Concurrency is hard, though. I've been working with threaded software for a couple of years, and the more I learn, the more I realize how damn hard it is to get right. Herb mentioned that perhaps future languages will have greater support for concurrency built-in, and hinted at a future article covering that topic. I'm very much looking forward to reading it.

I don't know when low-level primitives will be a requirement for programming languages, but probably not for a while. I like the new java.util.concurrent package in 5.0, it really expanded my thread toolbox. I bet that future Java releases include more support for concurrency, 5.0 showed that Sun wasn't afraid to make relatively large changes to the language features and syntax.

I think that deeply understanding concurrency will be a great long-term skill to have. I recently started a long-term project so I could spend more of my research/study time learning new things about threaded programming and its philosophy. I'm going to spend 3-6 months refreshing the basics and just doing lots of concurrent programming, and then I'll start to study more deeply on interesting topics that pop up during the first period. I'm guessing there'll be a lot of time spent on locks, transactions, and ordering...

Meta<Foo>

Ruby's profiler/debugger is a lot like Perl's. The stock introspection tools aren't written in C, they're written in the high level language. The core C engine of the language makes calls to callback hooks whenever a line of code is executed, a function is called, etc, but all the smarts and UI live in high level code. This is mostly a good thing, except it means that your debuggers and profilers can have a high overhead. Still, those are problems that can be fixed.

The philosophy of implementing core functionality in a higher-level language is one of the reasons Ryan is working on RubyToC and metaruby, because he believes that if the Ruby engine itself was written in Ruby, it would be easier to find developers willing to add features to the language, and maintenance overall would be much easier.

Now, self-bootstrapping is one of those through-the-rabbit-hole things that freaks you out at first. But Ryan is one of those guys who just groks compilers and low level stuff, and he's a patient instructor.

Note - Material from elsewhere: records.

lemma alternating_chain_word_2_at:
  assumes "i < n"
  shows "alternating_chain n a (epath a (word_2_at n i)) = (-1) ^ i"
proof -
  have "alternating_chain n a (epath a (word_2_at n i)) = (\<Sum>j<n. if i = j then (-1) ^ j else 0)"
    unfolding alternating_chain_def using assms
    by (intro sum.cong) (auto simp: epath_words_eq_iff[OF word_2_at_in_words word_2_at_in_words] word_2_at_inj)
  with assms show ?thesis by simp
qed

lemma alternating_chain_epath_eq_0:
  assumes "w \<in> words n" and "count2 w \<noteq> 1"
  shows "alternating_chain n a (epath a w) = 0"
proof -
  have "w \<noteq> word_2_at n i" if "i < n" for i using assms(2) count2_word_2_at[OF that] by auto
  then show ?thesis
    unfolding alternating_chain_def using epath_words_eq_iff[OF assms(1) word_2_at_in_words]
    by (intro sum.neutral) auto
qed

lemma chains_outside_words:
  assumes "p \<notin> epath a ` words n"
  shows "ones_chain n a p = 0" and "alternating_chain n a p = 0"
  using assms replicate_in_words word_2_at_in_words
  by (auto simp: ones_chain_def alternating_chain_def intro!: sum.neutral)

lemma Omega_at_eq_combination:
  fixes Q :: "vpath \<Rightarrow> 'k::field"
  assumes "2 \<le> n" and "a < 5" and Q: "Q \<in> Omega_at n a"
  shows "Q = (\<lambda>p. Q (epath a (replicate n 1)) * ones_chain n a p
                 + Q (epath a (word_2_at n 0)) * alternating_chain n a p)"
proof
  fix p
  show "Q p = Q (epath a (replicate n 1)) * ones_chain n a p
              + Q (epath a (word_2_at n 0)) * alternating_chain n a p"
  proof (cases "p \<in> epath a ` words n")
    case False
    then have "Q p = 0" using Omega_at_support[OF Q] by blast
    with False show ?thesis by (simp add: chains_outside_words)
  next
    case True
    then obtain w where w: "w \<in> words n" and p: "p = epath a w" by blast
    consider "count2 w = 0" | "count2 w = 1" | "2 \<le> count2 w" by linarith
    then show ?thesis
    proof cases
      case 1
      then show ?thesis using w count2_eq_0_iff[OF w]
        by (simp add: p ones_chain_epath alternating_chain_epath_eq_0)
    next
      case 2
      then obtain i where i: "i < n" "w = word_2_at n i" using count2_eq_1 w by blast
      then have "Q p = (-1) ^ i * Q (epath a (word_2_at n 0))"
        using Omega_at_coeff_single_2[OF assms w 2 i(1)] by (simp add: p)
      then show ?thesis using w i 2 by (simp add: p ones_chain_epath alternating_chain_word_2_at)
    next
      case 3
      then show ?thesis using Omega_at_coeff_two_2s[OF assms w]
        by (simp add: p ones_chain_epath alternating_chain_epath_eq_0 w)
    qed
  qed
qed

I'm not at a point where I can jump in and pair with him and Eric on tasks yet, but I can read the code and grok what's going on, and not make funny noises while I read the code.

If you want to read more about their RubyToC and metaruby projects, read their blog category for metaruby, and check out their overview slides for the project. It's really great stuff, and just a small slice of what the Ruby community as a whole is working on.

Ruby debugger guts

But, back to the zenprofiler and the debugger work we did today. zenprofiler uses RubyInline, a module Ryan wrote which was inspired by Brian Ingerson's set of Inline modules for Perl, they allow you to define C code inside your Ruby code, and at runtime, the C code is automatically built and linked into your program. The resulting shared libs are cached for future runs.

Now, the default Ruby profiler and debugger are very slow beasts. That's because Ruby's debugger and profilers tell the core engine to activate a trace function which is called every time a new line of code is executed, a wrapped C call is made, a function returns, etc, etc. The trace function receives information about the state of the interpreter, and does appropriate things with it, depending on if it's a profiler or a debugger.

The trace func called by the C engine doesn't differentiate between different code states, it just passes a string to the trace func which says "call", "c_call", "return", etc, etc. So your trace function is called for every line of code, even if it doesn't need to be.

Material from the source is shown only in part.